Jenis lain dari sumber gaya gerak listrik (ggl) adalah sumber arus , yang mengirimkan energi ke rangkaian sedemikian rupa sehingga, terlepas dari resistansi rangkaian, arus listrik tetap stabil.

Sumber tegangan komputer, yang memasok tegangan arus searah yang stabil sebesar 5 volt dan 12 volt untuk memberi daya pada rangkaian dan perangkat yang berbeda yang sama

Sumber tegangan nyata selalu terbatas pada rentang operasi, yaitu beroperasi antara rentang tegangan minimum dan maksimum dan antara rentang arus minimum dan maksimum.

Gaya dari sumber pada dasarnya adalah produk dari tegangan maksimum dan arus maksimum yang dapat pasokan.

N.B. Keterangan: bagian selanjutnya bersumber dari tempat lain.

lemma leading_cycle_above_pivot:
  assumes "p \<in> pivot ` Src q (Suc t) \<union> Crit q t" "pivot_order p < pivot_order m'"
  shows "leading_cycle p m' = 0"
  using assms(1)
proof (elim UnE imageE)
  fix m assume "m \<in> Src q (Suc t)" "p = pivot m"
  then show ?thesis
    using leading_cycle_pivot_Src dcoef_above_pivot assms(2) by (simp add: Src_def mons_3_eq)
next
  assume "p \<in> Crit q t"
  then have "p \<in> Mons3" "is_crit p" by (simp_all add: Crit_def mons_3_eq)
  moreover have "m' \<noteq> p" using assms(2) by auto
  ultimately have "crit_cycle p m' = 0" using crit_cycle_support[of p m'] assms(2) by (metis less_asym)
  then show ?thesis using \<open>is_crit p\<close> by (simp add: leading_cycle_def)
qed

lemma leading_cycle_mem_cycles:
  assumes "p \<in> pivot ` Src q (Suc t) \<union> Crit q t"
  shows "leading_cycle p \<in> cycles q t"
  using assms
proof (elim UnE imageE)
  fix m assume "m \<in> Src q (Suc t)" "p = pivot m"
  then show ?thesis using leading_cycle_pivot_Src dcoef_mem_cycles by simp
next
  assume "p \<in> Crit q t"
  then show ?thesis using crit_cycle_mem_cycles by (simp add: Crit_def leading_cycle_def)
qed

lemma card_le_dim_cycles: "card (Src q (Suc t)) + card (Crit q t) \<le> V.dim (cycles q t)"
proof -
  let ?I = "pivot ` Src q (Suc t) \<union> Crit q t"
  have "?I \<subseteq> Mons3"
    using pivot_Src by (auto simp: Crit_def mons_3_eq)
  have "card ?I \<le> V.dim (cycles q t)"
  proof (rule card_le_dim_if_triangular[where key = pivot_order and p = id and x = leading_cycle])
    show "finite ?I" using finite_Src finite_Crit by simp
    show "inj_on (\<lambda>p. pivot_order (id p)) ?I"
      using inj_on_subset[OF pivot_order_inj \<open>?I \<subseteq> Mons3\<close>] by simp
    show "leading_cycle p (id p) \<noteq> 0" if "p \<in> ?I" for p
      using leading_cycle_pivot[OF that] by simp
    show "leading_cycle p m' = 0" if "p \<in> ?I" "pivot_order (id p) < pivot_order m'" for p m'
      using leading_cycle_above_pivot that by simp
    show "leading_cycle ` ?I \<subseteq> cycles q t" using leading_cycle_mem_cycles by blast
    show "cycles q t \<subseteq> supported_on (mons 3 q t)"
      by (auto simp: cycles_def Apiece_eq_supported_on)
  qed (rule finite_mons_3)
  moreover have "pivot ` Src q (Suc t) \<inter> Crit q t = {}"
    using pivot_Src by (fastforce simp: Crit_def)
  then have "card ?I = card (Src q (Suc t)) + card (Crit q t)"
    using finite_Src finite_Crit card_image[OF inj_on_pivot_Src] by (simp add: card_Un_disjoint)
  ultimately show ?thesis by simp
qed

lemma mons_3_partition: "mons 3 q t = Src q t \<union> pivot ` Src q (Suc t) \<union> Crit q t"
proof (intro equalityI subsetI)
  fix m assume m: "m \<in> mons 3 q t"
  show "m \<in> Src q t \<union> pivot ` Src q (Suc t) \<union> Crit q t"
  proof (cases "is_src m \<or> is_crit m")
    case False
    then have u: "unpivot m \<in> Mons3" "is_src (unpivot m)" "pivot (unpivot m) = m"
      using m unpivot_matched by (auto simp: mons_3_eq)
    then have "unpivot m \<in> Src q (Suc t)"
      using pivot_Mons3[OF u(1,2)] m by (auto simp: Src_def mons_3_eq)
    then show ?thesis using u(3) by (metis UnI1 UnI2 image_eqI)
  qed (use m in \<open>auto simp: Src_def Crit_def\<close>)
qed (use pivot_Src in \<open>auto simp: Src_def Crit_def\<close>)

lemma card_mons_3: "card (mons 3 q t) = card (Src q t) + card (Src q (Suc t)) + card (Crit q t)"
proof -
  have "Src q t \<inter> pivot ` Src q (Suc t) = {}" "(Src q t \<union> pivot ` Src q (Suc t)) \<inter> Crit q t = {}"
    using pivot_Src src_not_crit by (fastforce simp: Src_def Crit_def mons_3_eq)+
  then show ?thesis
    using finite_Src finite_Crit card_image[OF inj_on_pivot_Src]
    by (simp add: mons_3_partition card_Un_disjoint)
qed

lemma dim_cycles: "V.dim (cycles q t) = card (Src q (Suc t)) + card (Crit q t)"
  and dim_boundaries: "V.dim (d2 ` Apiece 3 q t) = card (Src q t)"
proof -
  \<comment> \<open>rank-nullity squeezes both lower bounds into equalities\<close>
  have "V.dim (cycles q t) + V.dim (d2 ` Apiece 3 q t) \<le> card (mons 3 q t)"
    using dim_cycles_add_dim_boundaries_le[OF finite_mons_3]
    by (simp add: cycles_def Apiece_eq_supported_on)
  then show "V.dim (cycles q t) = card (Src q (Suc t)) + card (Crit q t)"
    and "V.dim (d2 ` Apiece 3 q t) = card (Src q t)"
    using card_mons_3[of q t] card_le_dim_cycles[of q t] card_Src_le_dim_boundaries[of q t]
    by linarith+
qed

lemma dimKh_3: "dimKh 3 q t = card (Crit q t)"
  using dim_cycles[of q t] dim_boundaries[of q "Suc t"] by (simp add: dimKh_def cycles_def)

section \<open>The Poincar\'e series\<close>

definition mul_x2 :: "mon \<Rightarrow> mon" where
  "mul_x2 m = (expv (fst m 0) (fst m 1) (Suc (fst m 2)), snd m)"

lemma mul_x2_expv [simp]: "mul_x2 (expv a b c, S) = (expv a b (Suc c), S)"
  by (simp add: mul_x2_def)

lemma inj_on_mul_x2: "inj_on mul_x2 Mons3"
proof (rule inj_onI)
  fix m m' assume "m \<in> Mons3" "m' \<in> Mons3" "mul_x2 m = mul_x2 m'"
  then show "m = m'" by (metis Mons3_cases mul_x2_expv expv_eq_iff prod.inject Suc_inject)
qed

lemma Crit_x2_eq: "{m\<in>Crit (q + 6) (t + 4). fst m 2 \<noteq> 0} = mul_x2 ` Crit q t"
proof (intro equalityI subsetI)
  fix m assume "m \<in> {m\<in>Crit (q + 6) (t + 4). fst m 2 \<noteq> 0}"
  then have m: "m \<in> Mons3" "is_crit m" "qdeg m = q + 6" "tdeg m = t + 4" "fst m 2 \<noteq> 0"
    by (auto simp: Crit_def mons_3_eq)
  obtain a b c S where abc: "m = (expv a b c, S)" "S \<subseteq> {..<3}" using m(1) by (rule Mons3_cases)
  then obtain c' where "c = Suc c'" using m(5) by (cases c) auto
  then have "(expv a b c', S) \<in> Crit q t" "m = mul_x2 (expv a b c', S)"
    using m abc by (auto simp: Crit_def mons_3_eq is_crit_def qdeg_expv tdeg_expv)
  then show "m \<in> mul_x2 ` Crit q t" by blast
next
  fix m assume "m \<in> mul_x2 ` Crit q t"
  then obtain p where p: "p \<in> Mons3" "is_crit p" "qdeg p = q" "tdeg p = t" "m = mul_x2 p"
    by (auto simp: Crit_def mons_3_eq)
  obtain a b c S where "p = (expv a b c, S)" "S \<subseteq> {..<3}" using p(1) by (rule Mons3_cases)
  then show "m \<in> {m\<in>Crit (q + 6) (t + 4). fst m 2 \<noteq> 0}"
    using p by (auto simp: Crit_def mons_3_eq is_crit_def qdeg_expv tdeg_expv)
qed

lemma Crit_x2_small:
  assumes "q < 6 \<or> t < 4"
  shows "{m\<in>Crit q t. fst m 2 \<noteq> 0} = {}"
proof -
  have "qdeg m \<ge> 6 \<and> tdeg m \<ge> 4" if "m \<in> Mons3" "fst m 2 \<noteq> 0" for m
    using that by (cases rule: Mons3_cases[OF that(1)]) (auto simp: qdeg_expv tdeg_expv)
  then show ?thesis using assms by (fastforce simp: Crit_def mons_3_eq)
qed

definition crit_base :: "mon set" where
  "crit_base = {(expv 0 0 0, {}), (expv 1 0 0, {}), (expv 0 1 0, {}), (expv 0 1 0, {0}),
    (expv 0 1 0, {1}), (expv 1 1 0, {1})}"

lemma Crit_x2_free: "{m\<in>Crit q t. fst m 2 = 0} = {h\<in>crit_base. qdeg h = q \<and> tdeg h = t}"
proof -
  have "m \<in> crit_base \<longleftrightarrow> m \<in> Mons3 \<and> is_crit m \<and> fst m 2 = 0" for m
  proof
    assume "m \<in> Mons3 \<and> is_crit m \<and> fst m 2 = 0"
    moreover obtain a b c S where "m = (expv a b c, S)" "S \<subseteq> {..<3}"
      using calculation by (auto elim: Mons3_cases)
    ultimately show "m \<in> crit_base"
      using subset_lessThan_3_cases[of S] by (auto simp: crit_base_def is_crit_def)
  qed (auto simp: crit_base_def is_crit_def)
  then show ?thesis by (auto simp: Crit_def mons_3_eq)
qed

definition crit_base_degrees :: "(nat \<times> nat) set" where
  "crit_base_degrees = {(0, 0), (2, 0), (4, 2), (8, 3), (10, 5), (12, 5)}"

lemma card_Crit_x2_free: "card {m\<in>Crit q t. fst m 2 = 0} = of_bool ((q, t) \<in> crit_base_degrees)"
proof -
  let ?deg = "\<lambda>h. (qdeg h, tdeg h)"
  have inj: "inj_on ?deg crit_base" and img: "?deg ` crit_base = crit_base_degrees"
    by (simp_all add: crit_base_def crit_base_degrees_def qdeg_expv tdeg_expv)
  show ?thesis
  proof (cases "(q, t) \<in> crit_base_degrees")
    case True
    then obtain h where h: "h \<in> crit_base" "?deg h = (q, t)" using img by force
    then have one: "{h\<in>crit_base. qdeg h = q \<and> tdeg h = t} = {h}" using inj by (auto dest: inj_onD)
    show ?thesis unfolding Crit_x2_free one using True by simp
  next
    case False
    then have none: "{h\<in>crit_base. qdeg h = q \<and> tdeg h = t} = {}" using img by force
    show ?thesis unfolding Crit_x2_free none using False by simp
  qed
qed

lemma card_Crit:
  "card (Crit q t) = of_bool ((q, t) \<in> crit_base_degrees)
     + (if 6 \<le> q \<and> 4 \<le> t then card (Crit (q - 6) (t - 4)) else 0)"
proof -
  have "Crit q t = {m\<in>Crit q t. fst m 2 = 0} \<union> {m\<in>Crit q t. fst m 2 \<noteq> 0}" by auto
  then have "card (Crit q t) = card {m\<in>Crit q t. fst m 2 = 0} + card {m\<in>Crit q t. fst m 2 \<noteq> 0}"
    using finite_Crit
    by (metis (no_types, lifting) card_Un_disjoint disjoint_iff finite_Un mem_Collect_eq)
  moreover have "card {m\<in>Crit q t. fst m 2 \<noteq> 0} =
      (if 6 \<le> q \<and> 4 \<le> t then card (Crit (q - 6) (t - 4)) else 0)"
  proof (cases "6 \<le> q \<and> 4 \<le> t")
    case True
    have "inj_on mul_x2 (Crit (q - 6) (t - 4))"
      by (rule inj_on_subset[OF inj_on_mul_x2]) (auto simp: Crit_def mons_3_eq)
    then show ?thesis using True Crit_x2_eq[of "q - 6" "t - 4"] by (simp add: card_image)
  next
    case False
    then have "{m\<in>Crit q t. fst m 2 \<noteq> 0} = {}" by (intro Crit_x2_small) auto
    then show ?thesis using False by (simp only: card.empty if_False)
  qed
  ultimately show ?thesis by (simp add: card_Crit_x2_free)
qed

unbundle fps_syntax

definition numer :: "rat fps fps" where
  "numer = 1 + qvar^2 + qvar^4 * tvar^2 + qvar^8 * tvar^3 + qvar^10 * tvar^5 + qvar^12 * tvar^5"

lemma PoincareKh_3_nth: "PoincareKh 3 $ a $ b = of_nat (card (Crit a b))"
  by (simp add: PoincareKh_def dimKh_3)

lemma numer_nth: "numer $ a $ b = of_bool ((a, b) \<in> crit_base_degrees)"
  by (simp add: numer_def qvar_def tvar_def crit_base_degrees_def fps_X_power_mult_right_nth)

lemma PoincareKh_3_mult: "PoincareKh 3 * (1 - qvar^6 * tvar^4) = numer"
proof (rule fps_ext, rule fps_ext)
  fix a b
  let ?P = "PoincareKh 3"
  have "?P * (1 - qvar^6 * tvar^4) = ?P - fps_X^6 * (?P * fps_const (fps_X^4))"
    by (simp add: qvar_def tvar_def algebra_simps)
  then have "(?P * (1 - qvar^6 * tvar^4)) $ a $ b =
      ?P $ a $ b - (if 6 \<le> a \<and> 4 \<le> b then ?P $ (a - 6) $ (b - 4) else 0)"
    by (auto simp: fps_X_power_mult_nth fps_X_power_mult_right_nth)
  also have "\<dots> = numer $ a $ b"
    unfolding PoincareKh_3_nth numer_nth using card_Crit[of a b] by simp
  finally show "(?P * (1 - qvar^6 * tvar^4)) $ a $ b = numer $ a $ b" .
qed

lemma numer_eq:
  "numer = (1 + qvar^10 * tvar^5) * (1 + qvar^2 + qvar^4 * tvar^2)
    + qvar^8 * tvar^3 * (1 - qvar^6 * tvar^4)"
  unfolding numer_def by algebra

lemma denom_inverse: "(1 - qvar^6 * tvar^4) * inverse (1 - qvar^6 * tvar^4) = 1"
proof -
  define D :: "rat fps fps" where "D = 1 - qvar^6 * tvar^4"
  have "D $ 0 = 1" by (simp add: D_def qvar_def tvar_def fps_X_power_mult_nth)
  then have "D * fps_right_inverse D (inverse (D $ 0)) = 1" by (intro fps_right_inverse) simp
  then show ?thesis by (simp only: D_def[symmetric] fps_inverse_def)
qed

theorem mainTheorem4:
  shows "PoincareKh 3 =
    (1 + qvar^10 * tvar^5) * (1 + qvar^2 + qvar^4 * tvar^2) * inverse (1 - qvar^6 * tvar^4)
    + qvar^8 * tvar^3"
proof -
  let ?D = "1 - qvar^6 * tvar^4"
  have "PoincareKh 3 = PoincareKh 3 * ?D * inverse ?D"
    using denom_inverse by (simp add: mult.assoc)
  also have "\<dots> = ((1 + qvar^10 * tvar^5) * (1 + qvar^2 + qvar^4 * tvar^2) + qvar^8 * tvar^3 * ?D)
      * inverse ?D"
    by (simp only: PoincareKh_3_mult numer_eq)
  also have "\<dots> = (1 + qvar^10 * tvar^5) * (1 + qvar^2 + qvar^4 * tvar^2) * inverse ?D
      + qvar^8 * tvar^3 * (?D * inverse ?D)"
    by (simp add: algebra_simps)
  finally show ?thesis by (simp add: denom_inverse)
qed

Oleh karena itu, sumber tegangan yang beroperasi pada tegangan maksimum yang sama dapat lebih atau kurang kuat, tergantung pada arus maksimum yang mereka suplai ke rangkaian yang mereka berikan.

Jenis sumber tegangan

Sumber tegangan dapat terdiri dari dua jenis:

  • Arus searah
  • Arus bolak-balik.

Baterai dan baterai

Di antara sumber tegangan arus searah adalah sel volta atau baterai.

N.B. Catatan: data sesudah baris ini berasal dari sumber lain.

(* Let $(X,d)$ be a metric space, $\mu$ a Borel probability measure on $X$ with no atoms, and $T:X\to X$ a measurable map preserving $\mu$. (i) Suppose that every decreasing sequence of balls $B(y,r_1)\supseteq B(y,r_2)\supseteq\cdots$ in $X$ with a common center $y$ and with $\sum_n\mu(B(y,r_n))=\infty$ satisfies $\mu(\limsup_n T^{-n}B(y,r_n))=1$. Then for every $y\in X$, $$\liminf_{r\to 0}\frac{\log\tau_{B(y,r)}(x)}{-\log\mu(B(y,r))}=1\quad\text{for }\mu\text{-a.e. }x.$$ (ii) Let $B(y,r)=\{x: d(x,y)\le r\}$ denote the closed ball. Suppose that every decreasing sequence of closed balls $A_n=B(y,r_n)$ with a common center $y$ and with $\sum_n\mu(A_n)=\infty$ is strongly Borel–Cantelli. Then for every $y\in X$, $$\lim_{r\to 0}\frac{\log\tau_{B(y,r)}(x)}{-\log\mu(B(y,r))}=1\quad\text{for }\mu\text{-a.e. }x.$$
   Context: $\tau_A(x)=\min\{n\in\mathbf N: T^n(x)\in A\}$ (with $\tau_A(x)=\infty$ if no such $n$). $\limsup_n S_n$ denotes the set of points belonging to infinitely many $S_n$. A sequence of sets $A_n\subseteq X$ is strongly Borel–Cantelli (SBC) if for $\mu$-a.e. $x$, $\frac{\sum_{n=1}^N 1_{T^{-n}A_n}(x)}{\sum_{n=1}^N\mu(A_n)}\to 1$ as $N\to\infty$, where $1_A$ is the indicator function of $A$. *)

theory Defs
  imports "HOL-Probability.Probability"
begin

definition hit_time :: "('a \<Rightarrow> 'a) \<Rightarrow> 'a set \<Rightarrow> 'a \<Rightarrow> enat" where
  "hit_time T A x =
     (if \<exists>n\<ge>1. (T ^^ n) x \<in> A then enat (LEAST n. n \<ge> 1 \<and> (T ^^ n) x \<in> A) else \<infinity>)"

definition hit_ratio :: "'a measure \<Rightarrow> ('a \<Rightarrow> 'a) \<Rightarrow> 'a set \<Rightarrow> 'a \<Rightarrow> ereal" where
  "hit_ratio M T A x =
     (case hit_time T A x of
        enat n \<Rightarrow> ereal (ln (real n) / - ln (measure M A))
      | \<infinity> \<Rightarrow> \<infinity>)"

definition strongly_BC :: "'a measure \<Rightarrow> ('a \<Rightarrow> 'a) \<Rightarrow> (nat \<Rightarrow> 'a set) \<Rightarrow> bool" where
  "strongly_BC M T A \<longleftrightarrow>
     (AE x in M. ((\<lambda>N. (\<Sum>n\<in>{1..N}. indicator ((T ^^ n) -` A n) x :: real)
                      / (\<Sum>n\<in>{1..N}. measure M (A n))) \<longlonglongrightarrow> 1))"

end

theory Submission
  imports Defs "HOL-Library.Discrete_Functions"
begin

text \<open>
  Lower bound: by invariance and a union bound, the set where a set of measure \<open>t\<close> is hit
  before time \<open>K\<close> has measure at most \<open>K t\<close>. Applying this to the union of all balls of
  measure at most \<open>2 ^ (- p k)\<close> and the time \<open>2 ^ ((p - 1) k)\<close>, the first Borel--Cantelli
  lemma shows that almost surely the hitting time of \<open>B(y, r)\<close> exceeds
  \<open>\<mu>(B(y, r)) ^ (- (1 - 2 / p))\<close> for all small \<open>r\<close>.

  Upper bounds: choose radii \<open>r\<^sub>n\<close> decreasing so slowly that \<open>\<Sum> \<mu>(B(y, r\<^sub>n))\<close> diverges, but
  with \<open>\<mu>(B(y, r\<^sub>n))\<close> at most about \<open>n ^ (- p / (p + 1))\<close>. A visit \<open>T\<^sup>n x \<in> B(y, r\<^sub>n)\<close>
  gives \<open>\<tau> \<le> n\<close> and hence a ratio of at most about \<open>1 + 1 / p\<close>. In (i) such visits occur
  infinitely often, which bounds the \<open>liminf\<close>. In (ii) the radii are constant on the dyadic
  blocks of times \<open>[2 ^ ((p + 1) k), 2 ^ ((p + 1) (k + 1)))\<close>, and the strong Borel--Cantelli
  property forces a visit in every block, which controls all small radii at once. Finally
  let \<open>p \<rightarrow> \<infinity>\<close>.
\<close>

section \<open>Hitting times\<close>

lemma hit_time_le_enat_iff:
  "hit_time T A x \<le> enat K \<longleftrightarrow> (\<exists>n. 1 \<le> n \<and> n \<le> K \<and> (T ^^ n) x \<in> A)"
proof
  assume le: "hit_time T A x \<le> enat K"
  then have ex: "\<exists>n\<ge>1. (T ^^ n) x \<in> A"
    unfolding hit_time_def by (auto split: if_splits)
  define n where "n = (LEAST n. n \<ge> 1 \<and> (T ^^ n) x \<in> A)"
  have "n \<ge> 1 \<and> (T ^^ n) x \<in> A"
    unfolding n_def by (rule LeastI_ex) (use ex in blast)
  moreover have "n \<le> K"
    using le ex unfolding hit_time_def n_def by simp
  ultimately show "\<exists>n. 1 \<le> n \<and> n \<le> K \<and> (T ^^ n) x \<in> A" by blast
next
  assume "\<exists>n. 1 \<le> n \<and> n \<le> K \<and> (T ^^ n) x \<in> A"
  then obtain n where n: "1 \<le> n" "n \<le> K" "(T ^^ n) x \<in> A" by blast
  have "(LEAST n. n \<ge> 1 \<and> (T ^^ n) x \<in> A) \<le> n"
    using n by (intro Least_le) simp
  then show "hit_time T A x \<le> enat K"
    using n unfolding hit_time_def by auto
qed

Dalam sel dan baterai, energi dihasilkan dari reaksi kimia yang menghasilkan pertukaran muatan listrik antara reaktan.

Generator dan alternator

Alternator dan generator adalah salah satu sumber tegangan bolak-balik.

Sumber energi mereka berasal dari mekanik, misalnya:

  • Gaya yang diterapkan pada engkol atau katrol yang terhubung ke generator diubah menjadi arus bolak-balik.
  • Di bendungan pembangkit listrik tenaga air, energi potensial dari air yang jatuh menggerakkan turbin.
  • Pada roda dayung yang digerakkan oleh arus sungai, energi kinetik roda tersebut ditransfer ke generator.

Rangkaian penyearah dan inverter

Baterai bukan satu-satunya sumber tegangan arus searah, karena sumber daya DC dapat diperoleh dari penyearahan arus bolak-balik dari jaringan listrik rumah tangga atau industri. Ini adalah kasus dengan sumber tegangan internal di komputer desktop dan transformator atau regulator eksternal di komputer laptop.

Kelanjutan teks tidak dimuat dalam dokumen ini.